Made in Germany"Made in Germany"Made in Germany

Der ein oder andere Sammler, der schon einmal ein altes Wiking-Modell im Ausland gekauft oder bestellt hat, hat eventuell bei seinem Modell einen kleinen runden Aufkleber entdeckt, der die Aufschrift "Made in Germany" oder auch "Made in West Germany" trägt. Ein Beispiel eines solchen Aufklebers zeigt das Foto rechts, angebracht auf der Bodenplatte eines Mercedes-Benz 220 Brandmeister von 1964. Aufkleber an MB 220
Vielfach scheitert der Versuch, einen solchen Aufkleber zu entfernen, denn der verwendete Klebstoff zeigt sich auch nach vierzig Jahren ausgesprochen haltbar, und wie das oben stehende Foto zeigt, wurde er nicht gerade sparsam verwendet. In diesem Falle mag man sich trösten mit dem Gedanken, dass Wiking recht daran getan habe, auf deutsche Wertarbeit hinzuweisen und so die Qualität seiner Modelle hervorzuheben.
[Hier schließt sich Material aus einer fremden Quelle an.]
lemma moebius_denominator_nonzero:
  assumes "norm a < 1" "norm z < 1"
  shows "1 - cnj a * z \<noteq> 0"
proof -
  have "norm (cnj a * z) < 1"
    using norm_mult_less[of "cnj a" 1 z 1] assms by simp
  then show ?thesis by auto
qed

lemma moebius_eq_0_iff:
  assumes "norm a < 1" "norm z < 1"
  shows "moebius a z = 0 \<longleftrightarrow> z = a"
  using moebius_denominator_nonzero[OF assms] by (simp add: Moebius_function_simple)

lemma one_minus_norm_moebius_squared:
  assumes "norm a < 1" "norm z < 1"
  shows "1 - norm (moebius a z) ^ 2 =
    (1 - norm a ^ 2) / norm (1 - cnj a * z) ^ 2 * (1 - norm z ^ 2)"
proof -
  have "1 - a * cnj z \<noteq> 0"
    using moebius_denominator_nonzero[OF assms]
    by (metis complex_cnj_cnj complex_cnj_mult complex_cnj_one right_minus_eq)
  then show ?thesis
    apply (cases a, cases z)
    apply (simp add: Moebius_function_def divide_simps norm_divide norm_mult)
    apply (simp add: complex_norm complex_diff complex_mult one_complex.code complex_cnj)
    apply (auto simp: algebra_simps power2_eq_square)
    done
qed

lemma norm_moebius_le_exp:
  assumes "norm a < 1" "norm w < 1"
  shows "norm (moebius a w) \<le> exp (- ((1 - norm a) * (1 - norm w) / 8))"
proof -
  define x where "x = (1 - norm a) * (1 - norm w) / 4"
  have "norm (1 - cnj a * w) \<le> 1 + norm (cnj a * w)"
    using norm_triangle_ineq4[of 1 "cnj a * w"] by simp
  also have "norm (cnj a * w) \<le> 1"
    using assms by (simp add: norm_mult mult_le_one)
  finally have "norm (1 - cnj a * w) ^ 2 \<le> 2 ^ 2"
    by (intro power_mono) auto
  moreover have "1 - norm a \<le> 1 - norm a ^ 2" "1 - norm w \<le> 1 - norm w ^ 2"
    using assms by (simp_all add: power2_eq_square mult_left_le_one_le)
  moreover have "norm (1 - cnj a * w) > 0"
    using moebius_denominator_nonzero[OF assms] by simp
  ultimately have "(1 - norm a) / 4 * (1 - norm w)
      \<le> (1 - norm a ^ 2) / norm (1 - cnj a * w) ^ 2 * (1 - norm w ^ 2)"
    using assms by (intro mult_mono frac_le) auto
  then have "x \<le> (1 - norm a ^ 2) / norm (1 - cnj a * w) ^ 2 * (1 - norm w ^ 2)"
    by (simp add: x_def)
  then have "norm (moebius a w) ^ 2 \<le> 1 - x"
    using one_minus_norm_moebius_squared[OF assms] by linarith
  also have "\<dots> \<le> exp (- x)"
    using exp_ge_add_one_self[of "- x"] by simp
  also have "\<dots> = exp (- x / 2) ^ 2"
    by (simp flip: exp_add exp_double add: power2_eq_square)
  finally have "norm (moebius a w) \<le> exp (- x / 2)"
    by (rule power2_le_imp_le) simp
  then show ?thesis by (simp add: x_def)
qed

lemma norm_le_moebius_if_zero:
  assumes holg: "g holomorphic_on ball 0 1"
    and bound: "\<And>u. u \<in> ball 0 1 \<Longrightarrow> norm (g u) \<le> M"
    and a: "a \<in> ball 0 1" and "g a = 0" and z: "z \<in> ball 0 1"
  shows "norm (g z) \<le> M * norm (moebius a z)"
proof (rule field_le_epsilon)
  \<comment> \<open>Schwarz's lemma for \<open>g \<circ> moebius (- a)\<close>, scaled by \<open>M + e\<close> to make it map into the open disc.\<close>
  fix e :: real assume "0 < e"
  have "0 \<le> M" using bound[OF a] by (meson norm_ge_zero order_trans)
  with \<open>0 < e\<close> have Me: "M + e > 0" by simp
  define c :: complex where "c = of_real (M + e)"
  have norm_c: "norm c = M + e"
    using Me by (simp add: c_def del: of_real_add)
  define F where "F u = g (moebius (- a) u) / c" for u
  have moebius_in_ball: "moebius b u \<in> ball 0 1" if "b \<in> ball 0 1" "u \<in> ball 0 1" for b u
    using Moebius_function_norm_lt_1 that by simp
  have "(g \<circ> moebius (- a)) holomorphic_on ball 0 1"
    using a moebius_in_ball[of "- a"]
    by (intro holomorphic_on_compose_gen[OF Moebius_function_holomorphic holg]) auto
  then have "F holomorphic_on ball 0 1"
    unfolding F_def o_def using norm_c Me by (intro holomorphic_intros) auto
  moreover have "F 0 = 0"
    by (simp add: F_def Moebius_function_of_zero \<open>g a = 0\<close>)
  moreover have "norm (F u) < 1" if "norm u < 1" for u
    using bound[OF moebius_in_ball[of "- a" u]] a that \<open>0 < e\<close> Me
    by (simp add: F_def norm_divide norm_c divide_less_eq)
  moreover have "norm (moebius a z) < 1"
    using moebius_in_ball[OF a z] by simp
  ultimately have "norm (F (moebius a z)) \<le> norm (moebius a z)"
    by (rule Schwarz_Lemma(1))
  moreover have "F (moebius a z) = g z / c"
    using Moebius_function_compose[of "- a" a z] a z by (simp add: F_def)
  ultimately have "norm (g z) \<le> (M + e) * norm (moebius a z)"
    using Me by (simp add: norm_divide divide_le_eq mult.commute norm_c)
  also have "\<dots> \<le> M * norm (moebius a z) + e"
    using \<open>norm (moebius a z) < 1\<close> \<open>0 < e\<close> by (simp add: algebra_simps)
  finally show "norm (g z) \<le> M * norm (moebius a z) + e" .
qed

lemma holomorphic_factor_moebius:
  assumes holg: "g holomorphic_on ball 0 1"
    and bound: "\<And>u. u \<in> ball 0 1 \<Longrightarrow> norm (g u) \<le> M"
    and a: "a \<in> ball 0 1" and ga: "g a = 0"
  obtains h where "h holomorphic_on ball 0 1" "\<And>u. u \<in> ball 0 1 \<Longrightarrow> norm (h u) \<le> M"
    "\<And>u. u \<in> ball 0 1 \<Longrightarrow> g u = moebius a u * h u"
proof -
  define G where "G u = (if u = a then deriv g a else (g u - g a) / (u - a))" for u
  define h where "h u = G u * (1 - cnj a * u)" for u
  have "G holomorphic_on ball 0 1"
    unfolding G_def using a by (intro pole_lemma[OF holg]) auto
  then have holh: "h holomorphic_on ball 0 1"
    unfolding h_def by (intro holomorphic_intros)
  have factor: "g u = moebius a u * h u" if "u \<in> ball 0 1" for u
    using ga moebius_denominator_nonzero[of a u] a that
    by (cases "u = a") (simp_all add: Moebius_function_simple h_def G_def)
  have bound_off_a: "norm (h u) \<le> M" if "u \<in> ball 0 1" "u \<noteq> a" for u
  proof -
    have "norm (moebius a u) > 0"
      using moebius_eq_0_iff[of a u] a that by simp
    moreover have "norm (moebius a u) * norm (h u) \<le> norm (moebius a u) * M"
      using norm_le_moebius_if_zero[OF holg bound a ga that(1)] factor[OF that(1)]
      by (simp add: norm_mult mult.commute)
    ultimately show ?thesis by simp
  qed
  have "norm (h u) \<le> M" if u: "u \<in> ball 0 1" for u
  proof (cases "u = a")
    case True
    have "(h \<longlongrightarrow> h a) (at a)"
      using holh a
      by (meson holomorphic_on_imp_continuous_on continuous_on_eq_continuous_at open_ball isCont_def)
    moreover have "eventually (\<lambda>v. v \<in> ball 0 1 - {a}) (at a)"
      using a by (intro eventually_at_in_open) auto
    then have "eventually (\<lambda>v. norm (h v) \<le> M) (at a)"
      by eventually_elim (use bound_off_a in auto)
    ultimately have "norm (h a) \<le> M"
      by (intro tendsto_le[OF at_neq_bot tendsto_const tendsto_norm])
    then show ?thesis using True by simp
  qed (use bound_off_a u in auto)
  with holh factor show ?thesis
    by (intro that) auto
qed

section \<open>Finite Blaschke products and interpolation\<close>

definition Blaschke_modulus :: "complex set \<Rightarrow> complex \<Rightarrow> real" where
  "Blaschke_modulus Z u = (\<Prod>a\<in>Z. norm (moebius a u))"

lemma Blaschke_modulus_nonneg: "Blaschke_modulus Z u \<ge> 0"
  by (simp add: Blaschke_modulus_def prod_nonneg)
Doch halt - der Reihe nach, lassen Sie uns lieber einmal die historischen Fakten unter die Lupe nehmen:

Vor über 100 Jahren wurde der Begriff "Made in Germany" mit dem Merchandise Marks Act von 1887 eingeführt - nicht als Qualitätssymbol, sondern um britische Waren vor der als minderwertig geltenden Konkurrenz aus Deutschland zu schützen. Nach dem Zweiten Weltkrieg bestanden vor allem die Amerikaner darauf, dass jedes aus Deutschland importierte Produkt diese Kennzeichnung erhielt, sollte doch der amerikanische Verbraucher wissen, dass er soeben im Begriff war, ein Produkt aus Feindesland zu erstehen. Ebenso verhielt es sich - nebenbei bemerkt - mit dem Begriff "Made in Japan". Wer konnte damals schon ahnen, dass sich aus dem als Diskriminierung gemeinten Begriff ein Zeichen für Qualität entwickeln würde.

Somit wird klar, dass die genannten Aufkleber keineswegs aus Stolz auf die qualitativ hohen Produkte, sondern - neutral gesprochen - aus politischen Gründen und nicht ganz freiwillig aufgeklebt wurden, wenn ein Modell in den Export ging. Natürlich betraf dies nur diejenigen Modelle, die die Herkunftsbezeichnung nicht schon in der Bodenplatte eingepägt hatten, dies waren zur damaligen Zeit jedoch nicht viele Modelle.
Gut platziert!Wo bringt man nun bei einem Modell im Maßstab 1:90 einen Aufkleber von gut einem Zentimeter Durchmesser an? Diese Frage stellt einen Modellautohersteller durchaus vor Probleme. Wo stört er nicht übermäßig, außer vielleicht auf der Bodenplatte? Aber: Verdeckt der Hersteller damit auf der Bodenplatte nicht eventuell sein eigenes Warenzeichen? Sicherlich eine der sinnvollsten Stellen zur Anbringung eines Aufklebers sieht man auf dem Foto links. Wer immer dies zu verantworten hat, er hatte wenig übrig für die Sammler der späteren Jahrzehnte.
Wenn also solch ein schlecht oder vielleicht auch gar nicht zu entfernender Aufkleber auftaucht, sollten wir uns nicht darüber ärgern - es sei denn, er wäre mitten auf die Frontscheibe gepappt. Denken wir einfach nur daran, dass der Mantel der Geschichte eben dieses alte Modell gestreift hat und es daher - zumindest ideell - nur noch wertvoller geworden ist. Wieder ein Argument für das Sammeln der alten Modelle ...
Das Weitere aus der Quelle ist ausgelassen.